Franz de Paula Hladnik (29 March 1773 - 25 November 1844) was a Carniolan botanist and schoolmaster.

He was born in Idria, Carniola, then in Austria (now Slovenia), the son of a mining official. He studied philosophy and theology and became a priest in 1796. His weak health prevented him from undertaking parish duties, and in 1796 he became a scribe in the library of the Ljubljana Lyceum, but soon gave this up, and for forty years devoted himself to teaching in the various schools of Ljubljana. In 1803 he was already director of the Normal School and in 1807 prefect of the high school, a job that he held until his sight failed. In his last years he was blind. He was honoured for his work there by Francis II. During the French annexation under the Illyrian Provinces, Hladnik was appointed professor of botany and natural history at the Central School of Ljubljana, and presented with a piece of land to be laid out for the cultivation of the flora of Carniola. It soon contained 600 kinds of local plants.

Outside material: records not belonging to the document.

lemma induced_linear_forest_of_degree_le_1:
  assumes "symp E" and "irreflp E" and "finite B" and deg: "\<forall>x\<in>B. degree B E x \<le> 1"
  shows "induced_linear_forest B E"
  using \<open>finite B\<close> subset_refl
proof (induction rule: finite_subset_induct')
  case empty
  then show ?case
    by (rule induced_linear_forest_empty)
next
  case (insert z T)
  show ?case
  proof (rule induced_linear_forest_insert[OF \<open>symp E\<close> \<open>irreflp E\<close> \<open>finite T\<close> insert.IH \<open>z \<notin> T\<close>])
    show "degree T E z \<le> 1"
      using degree_mono[OF \<open>finite B\<close> \<open>T \<subseteq> B\<close>, of E z] deg \<open>z \<in> B\<close> by fastforce
    show "degree T E w \<le> 1" if "w \<in> T" for w
      using degree_mono[OF \<open>finite B\<close> \<open>T \<subseteq> B\<close>, of E w] deg \<open>w \<in> T\<close> \<open>T \<subseteq> B\<close> by fastforce
  qed
qed

lemma induced_linear_forest_insert_degree_le_2:
  assumes "symp E" and "irreflp E" and "finite A" and deg: "\<forall>x\<in>A. degree A E x \<le> 2"
    and "T \<subseteq> A" and "induced_linear_forest T E" and "z \<in> A" and "z \<notin> T"
    and "degree T E z \<le> 1"
  shows "induced_linear_forest (insert z T) E"
proof (rule induced_linear_forest_insert[OF assms(1,2) _ assms(6,8,9)])
  show "finite T"
    using \<open>finite A\<close> \<open>T \<subseteq> A\<close> by (rule finite_subset[rotated])
  show "degree T E w \<le> 1" if "w \<in> T" "E z w" for w
  proof -
    have "degree T E w \<le> degree (A - {z}) E w"
      using \<open>finite A\<close> \<open>T \<subseteq> A\<close> \<open>z \<notin> T\<close> by (intro degree_mono) auto
    also have "\<dots> = degree A E w - 1"
      using that \<open>finite A\<close> \<open>z \<in> A\<close> \<open>symp E\<close> by (intro degree_Diff_neighbour) (auto dest: sympD)
    finally show ?thesis
      using deg that \<open>T \<subseteq> A\<close> by fastforce
  qed
qed

text \<open>Removing a path \<open>v u x\<close> and reinserting \<open>x\<close> and \<open>u\<close>: \<open>x\<close> still misses its
  neighbour \<open>u\<close> and \<open>u\<close> its neighbour \<open>v\<close>, so both have degree at most 1 when added.\<close>

lemma induced_linear_forest_insert_path_ends:
  assumes "symp E" and "irreflp E" and "finite A" and deg: "\<forall>y\<in>A. degree A E y \<le> 2"
    and "S \<subseteq> A - {v, u, x}" and "induced_linear_forest S E"
    and "v \<in> A" and "u \<in> A" and "x \<in> A" and "E v u" and "E u x" and "x \<noteq> v"
  shows "induced_linear_forest (insert u (insert x S)) E"
proof -
  note insert = induced_linear_forest_insert_degree_le_2[OF assms(1-4)]
  have "x \<noteq> u"
    using \<open>E u x\<close> \<open>irreflp E\<close> by (auto dest: irreflpD)
  have "degree S E x \<le> degree (A - {u}) E x"
    using assms(5) \<open>finite A\<close> by (intro degree_mono) auto
  also have "\<dots> = degree A E x - 1"
    using \<open>finite A\<close> \<open>u \<in> A\<close> \<open>E u x\<close> \<open>symp E\<close> by (intro degree_Diff_neighbour) (auto dest: sympD)
  finally have "induced_linear_forest (insert x S) E"
    using insert[OF _ assms(6) \<open>x \<in> A\<close>] assms(5) deg \<open>x \<in> A\<close> by fastforce
  moreover have "degree (insert x S) E u \<le> degree (A - {v}) E u"
    using assms(5) \<open>finite A\<close> \<open>x \<in> A\<close> \<open>x \<noteq> v\<close> by (intro degree_mono) auto
  moreover have "degree (A - {v}) E u = degree A E u - 1"
    using \<open>finite A\<close> \<open>v \<in> A\<close> \<open>E v u\<close> \<open>symp E\<close> by (intro degree_Diff_neighbour) (auto dest: sympD)
  ultimately show ?thesis
    using insert[of "insert x S" u] assms(5) deg \<open>x \<in> A\<close> \<open>u \<in> A\<close> \<open>x \<noteq> u\<close>
    by fastforce
qed

lemma degree_le_2_induced_linear_forest_two_thirds:
  assumes "symp E" and "irreflp E"
  shows "finite A \<Longrightarrow> \<forall>x\<in>A. degree A E x \<le> 2 \<Longrightarrow>
    \<exists>S\<subseteq>A. induced_linear_forest S E \<and> 2 * card A \<le> 3 * card S"
proof (induction A rule: finite_psubset_induct)
  case (psubset A)
  have deg_sub: "\<forall>x\<in>A'. degree A' E x \<le> 2" if "A' \<subseteq> A" for A'
    using psubset.prems degree_mono[OF \<open>finite A\<close> that] that by (meson order_trans subsetD)
  consider "A = {}" | v where "v \<in> A" "degree A E v \<le> 1" | "A \<noteq> {}" "\<forall>v\<in>A. 2 \<le> degree A E v"
    by force
  then show ?case
  proof cases
    case 1
    then show ?thesis
      using induced_linear_forest_empty by auto
  next
    case (2 v)
    obtain S where S: "S \<subseteq> A - {v}" "induced_linear_forest S E" "2 * card (A - {v}) \<le> 3 * card S"
      using psubset.IH[of "A - {v}"] deg_sub[of "A - {v}"] \<open>v \<in> A\<close> \<open>finite A\<close> by blast
    have "S \<subseteq> A"
      using S(1) by blast
    then have "degree S E v \<le> 1"
      using degree_mono[OF \<open>finite A\<close>, of S E v] \<open>degree A E v \<le> 1\<close> by simp
    then have "induced_linear_forest (insert v S) E"
      using S(1) by (intro induced_linear_forest_insert_degree_le_2[OF assms \<open>finite A\<close> psubset.prems
        \<open>S \<subseteq> A\<close> S(2) \<open>v \<in> A\<close>]) auto
    moreover have "card (insert v S) = card S + 1"
      using S(1) finite_subset[OF \<open>S \<subseteq> A\<close> \<open>finite A\<close>] by (subst card_insert_disjoint) auto
    moreover have "card A = card (A - {v}) + 1"
      using card.remove[OF \<open>finite A\<close> \<open>v \<in> A\<close>] by simp
    ultimately show ?thesis
      using S \<open>v \<in> A\<close> by (intro exI[of _ "insert v S"]) auto
  next
    case 3
    then obtain v where "v \<in> A"
      by blast
    then obtain u where "u \<in> A" "E v u"
      using neighbour_other_than[OF \<open>finite A\<close>] 3(2) by blast
    then obtain x where "x \<in> A" "E u x" "x \<noteq> v"
      using neighbour_other_than[OF \<open>finite A\<close>] 3(2) by blast
    have "u \<noteq> v" "x \<noteq> u"
      using \<open>E v u\<close> \<open>E u x\<close> \<open>irreflp E\<close> by (auto dest: irreflpD)
    obtain S where S: "S \<subseteq> A - {v, u, x}" "induced_linear_forest S E"
      "2 * card (A - {v, u, x}) \<le> 3 * card S"
      using psubset.IH[of "A - {v, u, x}"] deg_sub[of "A - {v, u, x}"] \<open>v \<in> A\<close> \<open>finite A\<close> by blast
    have "induced_linear_forest (insert u (insert x S)) E"
      using induced_linear_forest_insert_path_ends[OF assms \<open>finite A\<close> psubset.prems S(1,2)]
        \<open>v \<in> A\<close> \<open>u \<in> A\<close> \<open>x \<in> A\<close> \<open>E v u\<close> \<open>E u x\<close> \<open>x \<noteq> v\<close> by blast
    moreover have "card (insert u (insert x S)) = card S + 2"
    proof -
      have "finite S" "x \<notin> S" "u \<notin> S"
        using S(1) finite_subset[of S A] \<open>finite A\<close> by auto
      then show ?thesis
        using \<open>x \<noteq> u\<close> by simp
    qed
    moreover have "card (A - {v, u, x}) + 3 = card A"
    proof -
      have "card {v, u, x} = 3" "{v, u, x} \<subseteq> A"
        using \<open>v \<in> A\<close> \<open>u \<in> A\<close> \<open>x \<in> A\<close> \<open>u \<noteq> v\<close> \<open>x \<noteq> u\<close> \<open>x \<noteq> v\<close> by auto
      moreover from this(2) have "card {v, u, x} \<le> card A"
        by (rule card_mono[OF \<open>finite A\<close>])
      moreover have "card (A - {v, u, x}) = card A - card {v, u, x}"
        by (rule card_Diff_subset) (use \<open>{v, u, x} \<subseteq> A\<close> in auto)
      ultimately show ?thesis
        by linarith
    qed
    ultimately show ?thesis
      using S \<open>x \<in> A\<close> \<open>u \<in> A\<close> by (intro exI[of _ "insert u (insert x S)"]) auto
  qed
qed

section \<open>Lov\'asz's partition theorem\<close>

lemma card_eq_sum_card_level_sets:
  assumes "finite A" and "\<forall>x\<in>A. f x < (k::nat)"
  shows "card A = (\<Sum>j<k. card {x \<in> A. f x = j})"
proof -
  have "A = (\<Union>j<k. {x \<in> A. f x = j})"
    using assms(2) by auto
  also have "card \<dots> = (\<Sum>j<k. card {x \<in> A. f x = j})"
    using assms(1) by (intro card_UN_disjoint) auto
  finally show ?thesis .
qed

lemma degree_eq_sum_class_degrees:
  assumes "finite V" and "\<forall>x\<in>V. f x < (k::nat)"
  shows "degree V E v = (\<Sum>j<k. degree {y \<in> V. f y = j} E v)"
proof -
  have "degree V E v = (\<Sum>j<k. card {x \<in> {u \<in> V. E v u}. f x = j})"
    unfolding degree_def using assms by (intro card_eq_sum_card_level_sets) auto
  also have "\<dots> = (\<Sum>j<k. degree {y \<in> V. f y = j} E v)"
    unfolding degree_def by (intro sum.cong arg_cong[where f = card]) auto
  finally show ?thesis .
qed

lemma exists_class_of_small_degree:
  assumes "finite V" and "\<forall>x\<in>V. f x < (k::nat)" and "degree V E v < (\<Sum>j<k. c j + 1)"
  shows "\<exists>j<k. degree {y \<in> V. f y = j} E v \<le> c j"
proof (rule ccontr)
  assume "\<not> ?thesis"
  then have "(\<Sum>j<k. c j + 1) \<le> (\<Sum>j<k. degree {y \<in> V. f y = j} E v)"
    by (intro sum_mono) (simp add: not_le Suc_le_eq)
  with assms show False
    by (simp add: degree_eq_sum_class_degrees)
qed

definition partition_potential ::
  "'a set \<Rightarrow> ('a \<Rightarrow> 'a \<Rightarrow> bool) \<Rightarrow> (nat \<Rightarrow> nat) \<Rightarrow> ('a \<Rightarrow> nat) \<Rightarrow> nat" where
  "partition_potential V E w f = (\<Sum>x\<in>V. \<Sum>y\<in>V. if E x y \<and> f x = f y then w (f x) else 0)"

While occupied with his botanical garden, he also delivered lectures on botany and spent his holidays for thirty years in researching the crownland of Carniola. He died in Ljubljana, bequeathing his botanical collection to the Rudolfinum Public Museum, founded in Ljubljana in 1831. The museum contains his portrait, painted by Amalija Hermann von Hermannsthal. Among Hladnik's pupils was Alexander Skofitz, the founder of the Österreichische botanische Zeitschrift (Austrian Botanical Journal). Hladnik discovered several new kinds of plants and certain genera have been named after him. He did not publish any scientific works; his manuscripts now in possession of the Carniola Historical Society are written in Latin, German, French, and Slovenian.

He was buried at Saint Christopher's Cemetery in Ljubljana.